Chief Justice Mohammed Uwais was there to denounce the “concentration of too much power” in the corridors of the executive arm of government. President Olusegun Obasanjo was represented by Justice Minister and Attorney-General Akinlolu Olujinmi. His speech descended heavily on the NBA, accusing it of turning itself into an opposition party and allying with the Nigeria Labour Congress (NLC) over the latter’s perennial feud with government.

Labour was also there in the person of the diminutive but ubiquitous Adams Oshiomhole, the NLC president. He drew a prolonged applause when he noted that the lawyers’ body is the de facto opposition party and National Assembly, those institutions, according to him, having abandoned their constitutional responsibilities.

Nuhu Ribadu didn’t strike a similar upbeat tune. He presented disturbing statistics on the state of corruption in Nigeria that suggested that the war on the evil is not being won.

Nigeria, the EFCC boss said, spends a staggering N250billion annually on law-enforcement agencies including the judiciary. But this hasn’t led to the deserved positive impact in the security system and judicial procedures, he claimed. 

He is, of course, worried that despite this huge outlay “no person is serving a jail term for corruption. No person has even been convicted under the 1995 Money Laundering Act. No person is serving a jail term for 419 under the Advance Fee Fraud Act, 1995”.

Where does he place the blame for this distortion and imbalance between what the state puts in to arrest corruption and the reality of a lack of culprits? Ribadu sees corruption at work. “In some cases”, he laments, “law enforcement agencies were found to be the principal perpetrators of the crimes… law enforcement agents that are supposed to be the custodians of the law and order are the worst culprits”.

He has a bagful of attendant scoundrels.

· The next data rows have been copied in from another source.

(* Let $\mathbf{n}=(n_1,\dots,n_m)$ be integers with $n_1\ge n_2\ge\cdots\ge n_m\ge2$, and let $\mathbb{L}/\mathbb{K}$ be a Galois extension whose Galois group $G$ is generated by commuting $\theta_1,\dots,\theta_m$ such that $\mathbf{i}\mapsto\boldsymbol\theta^{\mathbf{i}}$ is a bijection $\Delta(\mathbf{n})\to G$ (so $G\cong\mathbb{Z}/n_1\mathbb{Z}\times\cdots\times\mathbb{Z}/n_m\mathbb{Z}$). Let $P\in\mathbb{L}[G]$ be nonzero. Then \[\mathrm{rk}_\mathbb{K}(P)\ \ge\ \min\Big\{\prod_{i=1}^m(n_i-u_i)\ :\ \mathbf{u}\in\Delta(\mathbf{n}),\ |\mathbf{u}|=\deg_{\boldsymbol\theta}(P)\Big\}=(n_s-\ell)\prod_{i=1}^{s-1}n_i,\] where $s\in\{1,\dots,m\}$ and $0\le\ell<n_s$ are integers with $\deg_{\boldsymbol\theta}(P)=\sum_{i=s+1}^m(n_i-1)+\ell$ (the value $(n_s-\ell)\prod_{i<s}n_i$ does not depend on the choice of such $(s,\ell)$).
   Context: $\Delta(t)=\{0,1,\dots,t-1\}$, $\Delta(\mathbf{n})=\Delta(n_1)\times\cdots\times\Delta(n_m)$, $\boldsymbol\theta^{\mathbf{i}}=\theta_1^{i_1}\circ\cdots\circ\theta_m^{i_m}$, $|\mathbf{i}|=i_1+\cdots+i_m$. Every $P\in\mathbb{L}[G]$ is uniquely $P=\sum_{\mathbf{i}\in\Delta(\mathbf{n})}b_\mathbf{i}\boldsymbol\theta^\mathbf{i}$ with $b_\mathbf{i}\in\mathbb{L}$, and for $P\ne0$, $\deg_{\boldsymbol\theta}(P)=\max\{|\mathbf{i}|:b_\mathbf{i}\neq0\}$. $P$ acts on $\mathbb{L}$ as the $\mathbb{K}$-linear map $x\mapsto\sum b_\mathbf{i}\boldsymbol\theta^\mathbf{i}(x)$, and $\mathrm{rk}_\mathbb{K}(P)$ is its rank. *)

theory Defs
  imports Main
begin

text \<open>The field L is the whole type 'a; K is a subset of it.
  Field automorphisms of L.\<close>
definition field_aut :: "('a::field \<Rightarrow> 'a) \<Rightarrow> bool" where
  "field_aut \<sigma> \<longleftrightarrow> bij \<sigma> \<and> (\<forall>x y. \<sigma> (x + y) = \<sigma> x + \<sigma> y)
     \<and> (\<forall>x y. \<sigma> (x * y) = \<sigma> x * \<sigma> y) \<and> \<sigma> 1 = 1"

definition is_subfield :: "'a::field set \<Rightarrow> bool" where
  "is_subfield K \<longleftrightarrow> 0 \<in> K \<and> 1 \<in> K \<and> (\<forall>x\<in>K. \<forall>y\<in>K. x + y \<in> K \<and> x * y \<in> K \<and> - x \<in> K)
     \<and> (\<forall>x\<in>K. x \<noteq> 0 \<longrightarrow> inverse x \<in> K)"

definition galois_group :: "'a::field set \<Rightarrow> ('a \<Rightarrow> 'a) set" where
  "galois_group K = {\<sigma>. field_aut \<sigma> \<and> (\<forall>x\<in>K. \<sigma> x = x)}"

definition fixed_field :: "('a::field \<Rightarrow> 'a) set \<Rightarrow> 'a set" where
  "fixed_field G = {x. \<forall>\<sigma>\<in>G. \<sigma> x = x}"

definition galois_ext_with_group :: "'a::field set \<Rightarrow> ('a \<Rightarrow> 'a) set \<Rightarrow> bool" where
  "galois_ext_with_group K G \<longleftrightarrow> is_subfield K \<and> finite G \<and> galois_group K = G
     \<and> fixed_field (galois_group K) = K"

text \<open>Delta(n) for n = (n 0, ..., n (m-1)); multi-indices are functions nat => nat,
  zero outside {0..<m}.\<close>
definition Delta :: "nat \<Rightarrow> (nat \<Rightarrow> nat) \<Rightarrow> (nat \<Rightarrow> nat) set" where
  "Delta m n = {i. (\<forall>j<m. i j < n j) \<and> (\<forall>j\<ge>m. i j = 0)}"

definition absidx :: "nat \<Rightarrow> (nat \<Rightarrow> nat) \<Rightarrow> nat" where
  "absidx m i = (\<Sum>j<m. i j)"

fun theta_pow :: "(nat \<Rightarrow> 'a \<Rightarrow> 'a) \<Rightarrow> nat \<Rightarrow> (nat \<Rightarrow> nat) \<Rightarrow> 'a \<Rightarrow> 'a" where
  "theta_pow \<theta> 0 i = id"
| "theta_pow \<theta> (Suc k) i = theta_pow \<theta> k i \<circ> (\<theta> k ^^ i k)"

definition op_action :: "(nat \<Rightarrow> 'a \<Rightarrow> 'a) \<Rightarrow> nat \<Rightarrow> (nat \<Rightarrow> nat) \<Rightarrow> ((nat \<Rightarrow> nat) \<Rightarrow> 'a::field) \<Rightarrow> 'a \<Rightarrow> 'a" where
  "op_action \<theta> m n b x = (\<Sum>i\<in>Delta m n. b i * theta_pow \<theta> m i x)"

definition theta_deg :: "nat \<Rightarrow> (nat \<Rightarrow> nat) \<Rightarrow> ((nat \<Rightarrow> nat) \<Rightarrow> 'a::zero) \<Rightarrow> nat" where
  "theta_deg m n b = Max {absidx m i | i. i \<in> Delta m n \<and> b i \<noteq> 0}"

definition lin_indep_over :: "'a::field set \<Rightarrow> 'a set \<Rightarrow> bool" where
  "lin_indep_over K S \<longleftrightarrow> finite S \<and>
     (\<forall>c. (\<forall>s\<in>S. c s \<in> K) \<and> (\<Sum>s\<in>S. c s * s) = 0 \<longrightarrow> (\<forall>s\<in>S. c s = 0))"

text \<open>rank over K of a K-linear map f : L -> L = K-dimension of its image,
  i.e. the maximal size of a K-linearly independent subset of the image.\<close>
definition rank_over :: "'a::field set \<Rightarrow> ('a \<Rightarrow> 'a) \<Rightarrow> nat" where
  "rank_over K f = Max (card ` {S. S \<subseteq> range f \<and> lin_indep_over K S})"

end

theory Submission
  imports Defs "HOL-Library.FuncSet" "HOL-Library.List_Lexorder"
begin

These are constitutional constraints, which he claims are sometimes too protective of the accused persons on trial. There is also the attitude of some defence counsel in stalling trials when defending clients in cases prosecuted by EFCC. According to Ribadu, the lawyers’ action “has brought our profession under justifiable suspicion”.

“It’s like Malam Ribadu is trying to pass the buck”, says Ibrahim Salami, president of Moral Majority, Lagos-based watchdog on transparency in government and public office holders. “Is he trying to absolve himself and his commission of charges of incompetence and wasteful spending?”

Ribadu’s colleagues in the profession Maceu Macaulay agrees that the figure quoted by the EFCC boss is rather enormous. He says, however, that this is no reason for it to create cynics out of observers. “I think we should commend Ribadu for opening up on his frustration at a system that allows so much to be spent and yet have nothing to show for it”.

Still, it amounts to a big credibility gaffe for a government pegged on transparency and an anti-corruption undertaking to lack a handful of convicted persons in its net despite all the resources sunk unto fishing for them. The problem is no more the volume of money spent but the absence of results.

“It is a situation worth lamenting”, says James Ocholi, a civil servant from Lokoja. He wants Ribadu to go beyond weeping. “He can resolve the riddle he has identified by also naming the law enforcement agents standing as the protectors of the corrupt persons”.

Ibrahim Salami told Daily Independent: “Ribadu could prove he’s up to the task only if he improves on Obasanjo’s style by successfully prosecuting corrupt officials, not minding whose ox is gored. It’s what the president has shied away from”.